Stored data entries:
lemma convex_Wdom: "convex W"
  unfolding convex_def
proof (intro ballI allI impI)
  fix x y :: "real^'v" and u v :: real
  assume x: "x \<in> W" and y: "y \<in> W" and uv: "0 \<le> u" "0 \<le> v" "u + v = 1"
  show "u *\<^sub>R x + v *\<^sub>R y \<in> W"
    unfolding Wdom_def
  proof (intro CollectI ballI)
    fix e assume "e \<in> E"
    then have "- (x $ ea e + x $ eb e) < ln (cosh (l0 e / 2))" "- (y $ ea e + y $ eb e) < ln (cosh (l0 e / 2))"
      using x y unfolding Wdom_def by auto
    from convex_bound_lt[OF this uv]
    show "- ln (cosh (l0 e / 2)) < (u *\<^sub>R x + v *\<^sub>R y) $ ea e + (u *\<^sub>R x + v *\<^sub>R y) $ eb e"
      by (simp add: algebra_simps)
  qed
qed

lemma segment_in_Wdom: "x \<in> W \<Longrightarrow> y \<in> W \<Longrightarrow> s \<in> {0..1} \<Longrightarrow> x + s *\<^sub>R (y - x) \<in> W"
  using convexD_alt[OF convex_Wdom, of x y s] by (simp add: algebra_simps)

lemma open_Wdom: "open W"
proof -
  have "W = (\<Inter>e\<in>E. {w. - ln (cosh (l0 e / 2)) < w $ ea e + w $ eb e})"
    unfolding Wdom_def by auto
  also have "open \<dots>"
    using ideal_triangulation unfolding ideal_triangulation_def
    by (intro open_INT ballI open_Collect_less continuous_intros) auto
  finally show ?thesis .
qed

• _What is being asked_: Of the entries above, repeat exactly the lines between the line with "proof (intro CollectI ballI)" and the line with "W \<Longrightarrow> y", inclusive, and no others.

• _Output of the exercise_:
  proof (intro CollectI ballI)
    fix e assume "e \<in> E"
    then have "- (x $ ea e + x $ eb e) < ln (cosh (l0 e / 2))" "- (y $ ea e + y $ eb e) < ln (cosh (l0 e / 2))"
      using x y unfolding Wdom_def by auto
    from convex_bound_lt[OF this uv]
    show "- ln (cosh (l0 e / 2)) < (u *\<^sub>R x + v *\<^sub>R y) $ ea e + (u *\<^sub>R x + v *\<^sub>R y) $ eb e"
      by (simp add: algebra_simps)
  qed
qed

lemma segment_in_Wdom: "x \<in> W \<Longrightarrow> y \<in> W \<Longrightarrow> s \<in> {0..1} \<Longrightarrow> x + s *\<^sub>R (y - x) \<in> W"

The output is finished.